I clicked into the DNS tab on my home network dashboard on Saturday morning and got a red card that said "Failed to load DNS query log" with a Retry button. Hit Retry. Same error. The browser console showed a 404 on /api/dns/query-log. The whole point of having a SIEM is to be able to search across it, and mine had stopped letting me. That's what I said out loud, more or less, before I started typing.

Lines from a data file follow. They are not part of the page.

lemma sum_list_map_sum:
  fixes g :: "'a \<Rightarrow> 'b \<Rightarrow> 'c::comm_monoid_add"
  shows "(\<Sum>B\<leftarrow>Bs. \<Sum>x\<in>P. g B x) = (\<Sum>x\<in>P. \<Sum>B\<leftarrow>Bs. g B x)"
  by (induction Bs) (simp_all add: sum.distrib)

lemma sum_antisym_eq_0:
  fixes g :: "'a \<times> 'a \<Rightarrow> 'b::linordered_ab_group_add"
  assumes "sym P" and "\<And>x. x \<in> P \<Longrightarrow> g (prod.swap x) = - g x"
  shows "sum g P = 0"
proof -
  have "prod.swap ` P = P"
    using assms(1) by (auto simp: sym_conv_converse_eq[symmetric] converse_unfold dest: symD)
  then have "sum g P = sum g (prod.swap ` P)"
    by simp
  also have "\<dots> = sum (g \<circ> prod.swap) P"
    by (rule sum.reindex) (auto intro: inj_onI)
  also have "\<dots> = - sum g P"
    using assms(2) by (simp add: sum_negf)
  finally show ?thesis
    by (simp add: equal_neg_zero)
qed

lemma sum_paired_weights_mod_4:
  fixes c :: "'a \<times> 'a \<Rightarrow> nat" and d :: "'a \<times> 'a \<Rightarrow> int"
  assumes "finite P" "sym P"
    and c_swap: "\<And>x. x \<in> P \<Longrightarrow> c x + c (prod.swap x) = 2"
    and d_swap: "\<And>x. x \<in> P \<Longrightarrow> d (prod.swap x) = - d x"
    and d_sign: "\<And>x. x \<in> P \<Longrightarrow> d x = 1 \<or> d x = -1"
  shows "4 dvd (\<Sum>x\<in>P. int (c x) * d x) - 2 * int (card {x\<in>P. c x = 2})"
proof -
  define single where "single x = (if c x = 1 then d x else 0)" for x
  define double where "double x = (if c x = 2 then 2 else 0 :: int)" for x
  have "sum single P = 0"
  proof (rule sum_antisym_eq_0[OF \<open>sym P\<close>])
    fix x assume "x \<in> P"
    then show "single (prod.swap x) = - single x"
      using c_swap[of x] d_swap[of x] by (auto simp: single_def)
  qed
  moreover have "sum double P = 2 * int (card {x\<in>P. c x = 2})"
    using \<open>finite P\<close> by (simp add: double_def sum.If_cases Int_def)
  moreover have "4 dvd (\<Sum>x\<in>P. int (c x) * d x - (single x + double x))"
  proof (rule dvd_sum)
    fix x assume "x \<in> P"
    then have "c x \<in> {0, 1, 2}"
      using c_swap[of x] by auto
    with d_sign[OF \<open>x \<in> P\<close>] show "4 dvd int (c x) * d x - (single x + double x)"
      by (auto simp: single_def double_def)
  qed
  ultimately show ?thesis
    by (simp add: sum_subtractf sum.distrib)
qed

lemma map_fst_darts [simp]: "map fst (darts c) = c"
  by (rule nth_equalityI) (auto simp: darts_def)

That sentence is also where this post came from. The SIEM cutover from Phase 1.4 had dropped the SQLite-backed /api/dns/query-log endpoint as part of the move to ClickHouse. The cutover migrated the storage layer cleanly. It did not migrate the consumer. The deployed dist/ was still calling the old route, and the old route was gone. By Saturday night, PR 6c13af6 was on main: a SIEM-style search panel on the DNS tab, per (eTLD+1, client) aggregation across 1h / 24h / 7d / 30d windows, three numeric columns for allowed / blocked / cached, qtype + upstream + reply-IP forensics, an hour-bucket sparkline per row, click-through into the existing Domain Detail drawer. 1008 backend tests passing. 41 results in under 100ms on a "goog" query. The sparkline sum invariant held: 24 buckets summing to exactly 454, identical to the row's total.

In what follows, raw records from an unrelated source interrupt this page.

lemma wr_tensor_mult:
  assumes J: "finite J" and c: "\<And>j. j \<in> J \<Longrightarrow> gr_elem G (c j)"
  shows "gr_mult (wreath G) (wr_tensor G J c) (wr_tensor G J d) =
    wr_tensor G J (\<lambda>j. gr_mult G (c j) (d j))"
proof (rule ext, clarify)
  fix g k
  let ?S = "\<lambda>j. {u. c j u \<noteq> 0}"
  let ?P = "PiE J ?S"
  let ?A = "(\<lambda>h. (wr_fill G J h, 0::int)) ` ?P"
  have S: "\<And>j. j \<in> J \<Longrightarrow> finite (?S j)" "\<And>j. j \<in> J \<Longrightarrow> ?S j \<subseteq> carrier G"
    using c gr_elemD by auto
  have P: "\<And>h j. h \<in> ?P \<Longrightarrow> j \<in> J \<Longrightarrow> h j \<in> carrier G" using S(2) by blast
  have A: "finite ?A" "?A \<subseteq> carrier (wreath G)"
    using J S wr_fill_carrier[OF J] P by (auto intro!: finite_PiE)
  show "gr_mult (wreath G) (wr_tensor G J c) (wr_tensor G J d) (g, k) =
      wr_tensor G J (\<lambda>j. gr_mult G (c j) (d j)) (g, k)"
  proof (cases "(g, k) \<in> carrier (wreath G)")
    case False
    hence "wr_tensor G J (\<lambda>j. gr_mult G (c j) (d j)) (g, k) = 0" using wr_tensor_carrier[OF J] by blast
    thus ?thesis using False by (simp add: gr_mult_def)
  next
    case True
    hence g: "\<And>n. g n \<in> carrier G" by (auto simp: wreath_simps)
    let ?cond = "k = 0 \<and> (\<forall>n. n \<notin> J \<longrightarrow> g n = \<one>)"
    have supp: "{y \<in> carrier (wreath G). wr_tensor G J c y \<noteq> 0} \<subseteq> ?A"
      using wr_tensor_supp[OF J, of c] by blast
    have "gr_mult (wreath G) (wr_tensor G J c) (wr_tensor G J d) (g, k) = (\<Sum>y\<in>?A.
        wr_tensor G J c y * wr_tensor G J d (inv\<^bsub>wreath G\<^esub> y \<otimes>\<^bsub>wreath G\<^esub> (g, k)))"
      using W.gr_mult_eq_sum[OF A supp] True by simp
    also have "\<dots> = (\<Sum>h\<in>?P. if ?cond then (\<Prod>j\<in>J. c j (h j) * d j (inv (h j) \<otimes> g j)) else 0)"
      by (subst sum.reindex[OF inj_on_wr_fill])
        (auto intro!: sum.cong wr_tensor_mult_summand[OF J _ g] P)
    also have "\<dots> = (if ?cond then (\<Prod>j\<in>J. \<Sum>u\<in>?S j. c j u * d j (inv u \<otimes> g j)) else 0)"
    proof (cases ?cond)
      case True thus ?thesis by (simp add: prod_sum_PiE[OF J] S)
    next
      case False thus ?thesis by (simp only: False if_False sum.neutral_const)
    qed
    also have "\<dots> = wr_tensor G J (\<lambda>j. gr_mult G (c j) (d j)) (g, k)"
      using g by (auto simp: wr_tensor_def gr_mult_eq_supp_sum[OF c] intro!: prod.cong)
    finally show ?thesis .
  qed
qed

lemma wr_tensor_mult_union:
  assumes J: "finite J" and K: "finite K" and c: "\<And>j. j \<in> J \<Longrightarrow> gr_elem G (c j)"
  shows "gr_mult (wreath G) (wr_tensor G J c) (wr_tensor G K d) =
    wr_tensor G (J \<union> K) (\<lambda>l. gr_mult G (if l \<in> J then c l else gr_one G) (if l \<in> K then d l else gr_one G))"
proof -
  have "wr_tensor G J c = wr_tensor G (J \<union> K) (\<lambda>l. if l \<in> J then c l else gr_one G)"
    by (rule wr_tensor_extend) (use J K in auto)
  moreover have "wr_tensor G K d = wr_tensor G (J \<union> K) (\<lambda>l. if l \<in> K then d l else gr_one G)"
    by (rule wr_tensor_extend) (use J K in auto)
  ultimately show ?thesis
    by (simp only:) (rule wr_tensor_mult, use J K c gr_elem_one in auto)
qed

lemma gr_prod_wr_tensor:
  assumes "distinct xs" "\<And>i. i \<in> set xs \<Longrightarrow> gr_elem G (c i)"
  shows "gr_prod (wreath G) (map (\<lambda>i. wr_tensor G {i} (\<lambda>_. c i)) xs) = wr_tensor G (set xs) c"
  using assms
proof (induction xs)
  case Nil
  thus ?case by (simp add: gr_prod_def gr_one_eq_wr_tensor)
next
  case (Cons i xs)
  have "gr_prod (wreath G) (map (\<lambda>i. wr_tensor G {i} (\<lambda>_. c i)) (i # xs)) =
      gr_mult (wreath G) (wr_tensor G {i} (\<lambda>_. c i)) (wr_tensor G (set xs) c)"
    using Cons by (simp add: gr_prod_def)
  also have "\<dots> = wr_tensor G ({i} \<union> set xs) (\<lambda>l. gr_mult G (if l \<in> {i} then c i else gr_one G)
      (if l \<in> set xs then c l else gr_one G))"
    by (rule wr_tensor_mult_union) (use Cons.prems in auto)
  also have "\<dots> = wr_tensor G (set (i # xs)) c"
    by (simp, rule wr_tensor_cong) (use Cons.prems in \<open>auto simp: gr_mult_one gr_one_mult\<close>)
  finally show ?case .
qed

lemma wr_tensor_conj_tpow:
  assumes J: "finite J" and c: "\<And>j. j \<in> J \<Longrightarrow> gr_elem G (c j)"
  shows "gr_mult (wreath G) (gr_mult (wreath G) (wr_tpow G (- k)) (wr_tensor G J c)) (wr_tpow G k)
     = wr_tensor G ((\<lambda>j. j + k) ` J) (\<lambda>j. c (j - k))"
proof (rule ext, clarify)
  fix g l
  let ?lhs = "gr_mult (wreath G) (gr_mult (wreath G) (wr_tpow G (- k)) (wr_tensor G J c)) (wr_tpow G k)"
  have el: "gr_elem (wreath G) (gr_mult (wreath G) (wr_tpow G (- k)) (wr_tensor G J c))"
    by (intro W.gr_elem_mult gr_elem_wr_tpow gr_elem_wr_tensor J c)
  show "?lhs (g, l) = wr_tensor G ((\<lambda>j. j + k) ` J) (\<lambda>j. c (j - k)) (g, l)"
  proof (cases "(g, l) \<in> carrier (wreath G)")
    case False
    hence "wr_tensor G ((\<lambda>j. j + k) ` J) (\<lambda>j. c (j - k)) (g, l) = 0"
      using wr_tensor_carrier[of "(\<lambda>j. j + k) ` J"] J by blast
    thus ?thesis using False by (simp add: wr_tpow_mult_right[OF el])
  next
    case True
    hence g: "\<And>n. g n \<in> carrier G" by (auto simp: wreath_simps)
    have "?lhs (g, l) = wr_tensor G J c (\<lambda>n. g (n + k), l)"
      unfolding wr_tpow_mult_right[OF el] using True g by (simp add: wr_tpow_mult_left wreath_simps)
    moreover have "(\<forall>n. n \<notin> J \<longrightarrow> g (n + k) = \<one>) \<longleftrightarrow> (\<forall>n. n \<notin> (\<lambda>j. j + k) ` J \<longrightarrow> g n = \<one>)"
      by (metis (no_types, lifting) add_diff_cancel_right' diff_add_cancel image_iff)
    moreover have "(\<Prod>j\<in>(\<lambda>j. j + k) ` J. c (j - k) (g j)) = (\<Prod>j\<in>J. c j (g (j + k)))"
      by (subst prod.reindex) (auto intro: inj_onI)
    ultimately show ?thesis using g by (auto simp: wr_tensor_def)
  qed
qed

That's the build report. The interesting part of this post is everything else: the diagnosis, the brainstorming workflow that pinned down five contested design choices before any code got written, the parallel persona reviews that caught a third-scan query and a PII gate divergence, the FastAPI int-Literal trap that doesn't appear in the docs, and what "a SIEM you can actually search" means when the only operator on the network is the guy who built it.

Click to enlarge

The Cold Open: A SIEM You Can't Search Is an Archive#

I keep the dashboard open in a pinned tab. Saturday morning I was looking at a different problem, switched to the DNS tab to verify a hunch about an Apple-TV resolution pattern, and the page showed the error card. The two-line diagnosis took me about as long as reading the network panel:

1. The deployed dist/ was built on April 28 from a worktree branch.
2. PR #16 (the SIEM cutover, May 7) had dropped /api/dns/query-log and its SQLite-backed cursor scheme.

The frontend had been calling a route that didn't exist for two days. I just hadn't loaded the DNS tab in that window. CI had stayed green the whole time because CI builds the frontend against the current backend; the deployed frontend was not the current frontend.

The dist rebuild was a one-line fix. The endpoint was the real problem, and rebuilding the deployed frontend would just make a working UI call a non-existent route faster. The cutover had dropped a feature without replacing it. A SIEM you can't search is an archive.

That's where the session pivoted from "fix the broken dist" to "build the replacement endpoint that should have shipped with the cutover."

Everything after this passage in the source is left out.